WHAT IS BEING ASKED
Reproduce the entries below in full, word for word.

(Stored data entries)

lemma policy_stochastic:
  assumes "P \<in> policies W Z Ds"
  shows "prob_vec (trans_row P a)"
proof -
  obtain w z \<psi> where P: "P = (w, z, \<psi>)"
    by (cases P)
  then have "w $ a \<in> W a" "z $ a \<in> Z a"
    using assms by (auto simp: policies_def)
  then show ?thesis
    using W[of a] Z[of a] by (simp add: P trans_row_def)
qed

lemma policy_switch: "(w, z, \<psi>) \<in> policies W Z Ds \<Longrightarrow> \<psi> $ a = 0 \<or> \<psi> $ a = 1"
  using Ds[of a] by (auto simp: policies_def)

definition row_weight :: "'m policy \<Rightarrow> 'm \<Rightarrow> real" where
  "row_weight P i = (case P of (w, z, \<psi>) \<Rightarrow> if \<psi> $ i = 0 then 1 else \<delta>)"

lemma row_weight_pos: "0 < row_weight P i"
  using delta by (auto simp: row_weight_def split: prod.splits)

lemma Amat_mult_nth:
  assumes "P \<in> policies W Z Ds"
  shows "(Amat \<rho> \<delta> P *v x) $ i = row_weight P i * (x $ i - step_op \<rho> P (($) x) i)"
proof -
  obtain w z \<psi> where P: "P = (w, z, \<psi>)"
    by (cases P)
  have A: "Amat \<rho> \<delta> P *v x
      = (mat 1 - Psi \<psi>) *v (x - Lmat \<rho> w *v x) + \<delta> *\<^sub>R (Psi \<psi> *v (x - Bmat z *v x))"
    by (simp add: Amat_def P matrix_vector_mult_add_rdistrib matrix_vector_mult_diff_rdistrib
        matrix_vector_mul_assoc[symmetric] scaleR_matrix_vector_assoc[symmetric])
  have "(Lmat \<rho> w *v x) $ i = (\<Sum>j\<in>UNIV. w $ i $ j * x $ j) / (1 + \<rho>)"
    by (simp add: Lmat_def matrix_vector_mult_def sum_divide_distrib)
  moreover have "(Bmat z *v x) $ i = (\<Sum>j\<in>UNIV. z $ i $ j * x $ j)"
    by (simp add: Bmat_def matrix_vector_mult_def)
  moreover have "\<psi> $ i = 0 \<or> \<psi> $ i = 1"
    using assms P policy_switch by blast
  ultimately show ?thesis
    unfolding A
    by (auto simp: P Psi_mult_nth row_weight_def step_op_def Df_def trans_row_def
        matrix_vector_mult_diff_rdistrib algebra_simps sum_divide_distrib)
qed

lemma bvec_nth:
  assumes "P \<in> policies W Z Ds"
  shows "bvec \<delta> c k P $ i = row_weight P i * Uf c k P i"
proof -
  obtain w z \<psi> where P: "P = (w, z, \<psi>)"
    by (cases P)
  have "\<psi> $ i = 0 \<or> \<psi> $ i = 1"
    using assms P policy_switch by blast
  then show ?thesis
    by (auto simp: bvec_def P Psi_mult_nth row_weight_def Uf_def cvec_def matrix_vector_mult_diff_rdistrib)
qed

RESULT
lemma policy_stochastic:
  assumes "P \<in> policies W Z Ds"
  shows "prob_vec (trans_row P a)"
proof -
  obtain w z \<psi> where P: "P = (w, z, \<psi>)"
    by (cases P)
  then have "w $ a \<in> W a" "z $ a \<in> Z a"
    using assms by (auto simp: policies_def)
  then show ?thesis
    using W[of a] Z[of a] by (simp add: P trans_row_def)
qed

lemma policy_switch: "(w, z, \<psi>) \<in> policies W Z Ds \<Longrightarrow> \<psi> $ a = 0 \<or> \<psi> $ a = 1"
  using Ds[of a] by (auto simp: policies_def)

definition row_weight :: "'m policy \<Rightarrow> 'm \<Rightarrow> real" where
  "row_weight P i = (case P of (w, z, \<psi>) \<Rightarrow> if \<psi> $ i = 0 then 1 else \<delta>)"

lemma row_weight_pos: "0 < row_weight P i"
  using delta by (auto simp: row_weight_def split: prod.splits)

lemma Amat_mult_nth:
  assumes "P \<in> policies W Z Ds"
  shows "(Amat \<rho> \<delta> P *v x) $ i = row_weight P i * (x $ i - step_op \<rho> P (($) x) i)"
proof -
  obtain w z \<psi> where P: "P = (w, z, \<psi>)"
    by (cases P)
  have A: "Amat \<rho> \<delta> P *v x
      = (mat 1 - Psi \<psi>) *v (x - Lmat \<rho> w *v x) + \<delta> *\<^sub>R (Psi \<psi> *v (x - Bmat z *v x))"
    by (simp add: Amat_def P matrix_vector_mult_add_rdistrib matrix_vector_mult_diff_rdistrib
        matrix_vector_mul_assoc[symmetric] scaleR_matrix_vector_assoc[symmetric])
  have "(Lmat \<rho> w *v x) $ i = (\<Sum>j\<in>UNIV. w $ i $ j * x $ j) / (1 + \<rho>)"
    by (simp add: Lmat_def matrix_vector_mult_def sum_divide_distrib)
  moreover have "(Bmat z *v x) $ i = (\<Sum>j\<in>UNIV. z $ i $ j * x $ j)"
    by (simp add: Bmat_def matrix_vector_mult_def)
  moreover have "\<psi> $ i = 0 \<or> \<psi> $ i = 1"
    using assms P policy_switch by blast
  ultimately show ?thesis
    unfolding A
    by (auto simp: P Psi_mult_nth row_weight_def step_op_def Df_def trans_row_def
        matrix_vector_mult_diff_rdistrib algebra_simps sum_divide_distrib)
qed

lemma bvec_nth:
  assumes "P \<in> policies W Z Ds"
  shows "bvec \<delta> c k P $ i = row_weight P i * Uf c k P i"
proof -
  obtain w z \<psi> where P: "P = (w, z, \<psi>)"
    by (cases P)
  have "\<psi> $ i = 0 \<or> \<psi> $ i = 1"
    using assms P policy_switch by blast
  then show ?thesis
    by (auto simp: bvec_def P Psi_mult_nth row_weight_def Uf_def cvec_def matrix_vector_mult_diff_rdistrib)
qed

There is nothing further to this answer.